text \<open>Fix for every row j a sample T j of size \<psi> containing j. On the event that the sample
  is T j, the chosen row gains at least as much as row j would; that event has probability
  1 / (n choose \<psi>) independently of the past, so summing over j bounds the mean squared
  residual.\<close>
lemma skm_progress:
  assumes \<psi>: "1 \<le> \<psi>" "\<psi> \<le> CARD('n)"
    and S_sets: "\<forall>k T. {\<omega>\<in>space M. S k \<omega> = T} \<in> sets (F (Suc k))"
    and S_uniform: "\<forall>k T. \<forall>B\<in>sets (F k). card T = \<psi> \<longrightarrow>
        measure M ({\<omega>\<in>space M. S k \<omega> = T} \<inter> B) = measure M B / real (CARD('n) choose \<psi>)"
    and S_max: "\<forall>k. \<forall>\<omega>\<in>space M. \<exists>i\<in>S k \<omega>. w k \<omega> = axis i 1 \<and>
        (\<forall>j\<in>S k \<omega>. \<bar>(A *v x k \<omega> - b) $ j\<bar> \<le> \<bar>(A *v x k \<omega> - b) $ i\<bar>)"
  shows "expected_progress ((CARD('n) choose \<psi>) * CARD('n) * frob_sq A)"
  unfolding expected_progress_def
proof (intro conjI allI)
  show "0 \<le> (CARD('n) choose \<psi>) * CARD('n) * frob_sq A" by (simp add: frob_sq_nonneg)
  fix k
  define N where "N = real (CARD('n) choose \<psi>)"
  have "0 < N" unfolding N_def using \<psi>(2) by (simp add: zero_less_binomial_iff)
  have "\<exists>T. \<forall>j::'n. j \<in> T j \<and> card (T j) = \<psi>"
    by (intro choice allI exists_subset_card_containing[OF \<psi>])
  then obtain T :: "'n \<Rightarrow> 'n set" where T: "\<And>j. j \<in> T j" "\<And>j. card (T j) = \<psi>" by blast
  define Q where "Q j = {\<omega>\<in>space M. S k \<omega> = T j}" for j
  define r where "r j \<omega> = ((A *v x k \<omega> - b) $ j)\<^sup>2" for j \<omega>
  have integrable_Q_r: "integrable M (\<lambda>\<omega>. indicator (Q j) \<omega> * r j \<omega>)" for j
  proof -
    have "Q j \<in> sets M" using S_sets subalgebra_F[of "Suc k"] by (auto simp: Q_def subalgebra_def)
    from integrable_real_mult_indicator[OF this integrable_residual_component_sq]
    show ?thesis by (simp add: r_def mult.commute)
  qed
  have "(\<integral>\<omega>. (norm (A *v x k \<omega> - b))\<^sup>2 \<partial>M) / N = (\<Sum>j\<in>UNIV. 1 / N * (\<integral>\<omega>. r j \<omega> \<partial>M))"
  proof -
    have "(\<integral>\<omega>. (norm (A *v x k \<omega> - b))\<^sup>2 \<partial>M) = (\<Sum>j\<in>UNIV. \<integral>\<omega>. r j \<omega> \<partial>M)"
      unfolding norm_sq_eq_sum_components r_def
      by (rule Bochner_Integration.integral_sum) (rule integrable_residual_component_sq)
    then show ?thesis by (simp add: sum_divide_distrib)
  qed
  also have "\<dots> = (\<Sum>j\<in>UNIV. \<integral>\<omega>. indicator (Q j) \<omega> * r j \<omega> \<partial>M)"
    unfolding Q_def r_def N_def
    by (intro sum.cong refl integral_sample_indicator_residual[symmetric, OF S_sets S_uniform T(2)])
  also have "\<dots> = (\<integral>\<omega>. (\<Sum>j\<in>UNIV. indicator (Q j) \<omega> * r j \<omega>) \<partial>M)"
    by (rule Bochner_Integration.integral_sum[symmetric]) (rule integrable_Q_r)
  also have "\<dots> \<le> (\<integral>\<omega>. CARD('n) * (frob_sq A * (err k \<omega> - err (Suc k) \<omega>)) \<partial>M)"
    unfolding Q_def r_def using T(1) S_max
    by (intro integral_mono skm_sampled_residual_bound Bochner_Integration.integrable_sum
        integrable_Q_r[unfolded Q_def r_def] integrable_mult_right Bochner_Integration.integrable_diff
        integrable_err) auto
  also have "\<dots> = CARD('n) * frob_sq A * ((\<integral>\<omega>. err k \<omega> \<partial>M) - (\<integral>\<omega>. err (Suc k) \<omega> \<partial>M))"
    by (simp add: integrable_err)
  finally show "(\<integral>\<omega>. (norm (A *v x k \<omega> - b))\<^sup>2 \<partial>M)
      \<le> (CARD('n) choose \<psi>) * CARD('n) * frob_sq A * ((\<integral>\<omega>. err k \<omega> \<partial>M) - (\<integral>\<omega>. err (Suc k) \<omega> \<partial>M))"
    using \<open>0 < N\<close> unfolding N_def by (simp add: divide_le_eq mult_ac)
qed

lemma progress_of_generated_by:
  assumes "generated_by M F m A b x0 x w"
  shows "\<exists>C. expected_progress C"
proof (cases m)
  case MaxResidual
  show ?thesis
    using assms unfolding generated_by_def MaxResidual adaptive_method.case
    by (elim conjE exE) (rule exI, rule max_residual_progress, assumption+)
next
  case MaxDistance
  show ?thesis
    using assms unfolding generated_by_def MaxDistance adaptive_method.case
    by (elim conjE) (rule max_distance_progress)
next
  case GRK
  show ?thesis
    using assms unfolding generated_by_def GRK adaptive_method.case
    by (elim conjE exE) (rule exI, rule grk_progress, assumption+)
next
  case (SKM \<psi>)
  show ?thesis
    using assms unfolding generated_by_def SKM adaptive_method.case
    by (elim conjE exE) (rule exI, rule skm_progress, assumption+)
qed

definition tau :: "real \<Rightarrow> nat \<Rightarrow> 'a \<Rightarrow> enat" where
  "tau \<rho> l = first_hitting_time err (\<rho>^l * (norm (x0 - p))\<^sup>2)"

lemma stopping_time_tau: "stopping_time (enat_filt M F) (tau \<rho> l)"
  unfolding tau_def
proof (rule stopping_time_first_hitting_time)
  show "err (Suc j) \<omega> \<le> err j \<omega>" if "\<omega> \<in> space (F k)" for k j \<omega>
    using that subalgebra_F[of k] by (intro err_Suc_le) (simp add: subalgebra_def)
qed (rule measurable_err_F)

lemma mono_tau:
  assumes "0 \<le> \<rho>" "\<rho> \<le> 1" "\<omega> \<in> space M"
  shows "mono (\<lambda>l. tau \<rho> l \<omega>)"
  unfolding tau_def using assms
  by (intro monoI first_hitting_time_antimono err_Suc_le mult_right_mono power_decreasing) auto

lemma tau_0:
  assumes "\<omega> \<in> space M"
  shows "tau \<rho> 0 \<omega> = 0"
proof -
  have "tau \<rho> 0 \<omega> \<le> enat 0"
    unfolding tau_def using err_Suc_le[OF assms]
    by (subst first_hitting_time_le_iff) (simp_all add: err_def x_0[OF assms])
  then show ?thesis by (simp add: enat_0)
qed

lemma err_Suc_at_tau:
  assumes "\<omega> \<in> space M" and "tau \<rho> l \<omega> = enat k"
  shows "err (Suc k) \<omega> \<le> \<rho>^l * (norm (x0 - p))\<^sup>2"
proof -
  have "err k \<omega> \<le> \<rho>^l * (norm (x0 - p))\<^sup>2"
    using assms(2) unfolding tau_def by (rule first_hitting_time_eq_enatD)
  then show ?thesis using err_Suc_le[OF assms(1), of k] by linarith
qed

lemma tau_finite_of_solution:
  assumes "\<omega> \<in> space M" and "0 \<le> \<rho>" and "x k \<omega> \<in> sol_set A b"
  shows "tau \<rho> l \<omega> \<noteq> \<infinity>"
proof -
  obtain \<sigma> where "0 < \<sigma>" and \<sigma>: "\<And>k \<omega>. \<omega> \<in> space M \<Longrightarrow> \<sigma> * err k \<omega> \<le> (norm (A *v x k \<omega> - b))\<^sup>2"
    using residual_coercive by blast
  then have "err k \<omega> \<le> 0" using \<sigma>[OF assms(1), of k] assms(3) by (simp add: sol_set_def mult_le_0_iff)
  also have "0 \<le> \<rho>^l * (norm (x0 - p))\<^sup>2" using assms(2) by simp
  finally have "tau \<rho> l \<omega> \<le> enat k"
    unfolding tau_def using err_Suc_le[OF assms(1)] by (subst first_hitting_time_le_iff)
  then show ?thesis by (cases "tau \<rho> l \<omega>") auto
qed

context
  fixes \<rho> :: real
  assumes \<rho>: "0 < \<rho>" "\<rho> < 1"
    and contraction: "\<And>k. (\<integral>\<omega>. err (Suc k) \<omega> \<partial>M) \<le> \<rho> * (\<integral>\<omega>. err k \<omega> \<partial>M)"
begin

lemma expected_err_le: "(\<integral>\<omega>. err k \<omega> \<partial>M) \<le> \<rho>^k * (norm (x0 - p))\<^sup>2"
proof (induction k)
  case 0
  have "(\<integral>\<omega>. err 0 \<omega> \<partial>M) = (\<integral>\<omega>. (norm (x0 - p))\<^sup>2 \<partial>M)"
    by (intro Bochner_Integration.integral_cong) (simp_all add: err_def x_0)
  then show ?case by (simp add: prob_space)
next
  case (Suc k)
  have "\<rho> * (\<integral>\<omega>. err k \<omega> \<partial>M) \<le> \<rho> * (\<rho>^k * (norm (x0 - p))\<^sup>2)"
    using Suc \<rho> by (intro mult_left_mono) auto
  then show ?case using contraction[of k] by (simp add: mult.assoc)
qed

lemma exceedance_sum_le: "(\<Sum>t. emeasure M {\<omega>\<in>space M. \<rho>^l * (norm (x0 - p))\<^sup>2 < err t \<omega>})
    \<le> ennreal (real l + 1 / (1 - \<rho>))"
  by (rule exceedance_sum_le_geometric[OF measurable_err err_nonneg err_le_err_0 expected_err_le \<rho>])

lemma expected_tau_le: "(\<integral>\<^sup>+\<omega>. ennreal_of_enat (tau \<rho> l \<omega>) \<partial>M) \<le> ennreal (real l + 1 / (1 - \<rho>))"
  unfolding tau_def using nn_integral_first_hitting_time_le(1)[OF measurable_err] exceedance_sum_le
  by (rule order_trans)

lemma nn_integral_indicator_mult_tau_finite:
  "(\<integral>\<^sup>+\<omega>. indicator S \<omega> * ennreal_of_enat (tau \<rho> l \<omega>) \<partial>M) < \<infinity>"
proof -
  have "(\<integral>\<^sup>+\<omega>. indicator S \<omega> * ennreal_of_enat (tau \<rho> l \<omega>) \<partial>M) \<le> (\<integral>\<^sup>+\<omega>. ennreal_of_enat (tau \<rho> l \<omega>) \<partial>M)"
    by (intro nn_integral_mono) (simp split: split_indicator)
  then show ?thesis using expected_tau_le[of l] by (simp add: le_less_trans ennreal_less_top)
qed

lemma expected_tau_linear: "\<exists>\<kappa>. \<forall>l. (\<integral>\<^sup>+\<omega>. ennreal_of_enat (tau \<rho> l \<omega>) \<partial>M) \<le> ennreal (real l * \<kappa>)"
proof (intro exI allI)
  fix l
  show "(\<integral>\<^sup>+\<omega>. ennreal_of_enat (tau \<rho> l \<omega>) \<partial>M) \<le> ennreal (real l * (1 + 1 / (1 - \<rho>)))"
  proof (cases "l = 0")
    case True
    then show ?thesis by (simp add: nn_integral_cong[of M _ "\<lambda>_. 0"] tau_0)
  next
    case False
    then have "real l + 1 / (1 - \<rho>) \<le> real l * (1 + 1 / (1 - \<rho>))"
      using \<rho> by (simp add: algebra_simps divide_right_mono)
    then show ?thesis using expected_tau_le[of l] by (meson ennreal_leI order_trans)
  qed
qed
▬▬▬
Could you output, exactly and with nothing else, the lines from the start of the records through the line containing "define r where"?

text \<open>Fix for every row j a sample T j of size \<psi> containing j. On the event that the sample
  is T j, the chosen row gains at least as much as row j would; that event has probability
  1 / (n choose \<psi>) independently of the past, so summing over j bounds the mean squared
  residual.\<close>
lemma skm_progress:
  assumes \<psi>: "1 \<le> \<psi>" "\<psi> \<le> CARD('n)"
    and S_sets: "\<forall>k T. {\<omega>\<in>space M. S k \<omega> = T} \<in> sets (F (Suc k))"
    and S_uniform: "\<forall>k T. \<forall>B\<in>sets (F k). card T = \<psi> \<longrightarrow>
        measure M ({\<omega>\<in>space M. S k \<omega> = T} \<inter> B) = measure M B / real (CARD('n) choose \<psi>)"
    and S_max: "\<forall>k. \<forall>\<omega>\<in>space M. \<exists>i\<in>S k \<omega>. w k \<omega> = axis i 1 \<and>
        (\<forall>j\<in>S k \<omega>. \<bar>(A *v x k \<omega> - b) $ j\<bar> \<le> \<bar>(A *v x k \<omega> - b) $ i\<bar>)"
  shows "expected_progress ((CARD('n) choose \<psi>) * CARD('n) * frob_sq A)"
  unfolding expected_progress_def
proof (intro conjI allI)
  show "0 \<le> (CARD('n) choose \<psi>) * CARD('n) * frob_sq A" by (simp add: frob_sq_nonneg)
  fix k
  define N where "N = real (CARD('n) choose \<psi>)"
  have "0 < N" unfolding N_def using \<psi>(2) by (simp add: zero_less_binomial_iff)
  have "\<exists>T. \<forall>j::'n. j \<in> T j \<and> card (T j) = \<psi>"
    by (intro choice allI exists_subset_card_containing[OF \<psi>])
  then obtain T :: "'n \<Rightarrow> 'n set" where T: "\<And>j. j \<in> T j" "\<And>j. card (T j) = \<psi>" by blast
  define Q where "Q j = {\<omega>\<in>space M. S k \<omega> = T j}" for j
  define r where "r j \<omega> = ((A *v x k \<omega> - b) $ j)\<^sup>2" for j \<omega>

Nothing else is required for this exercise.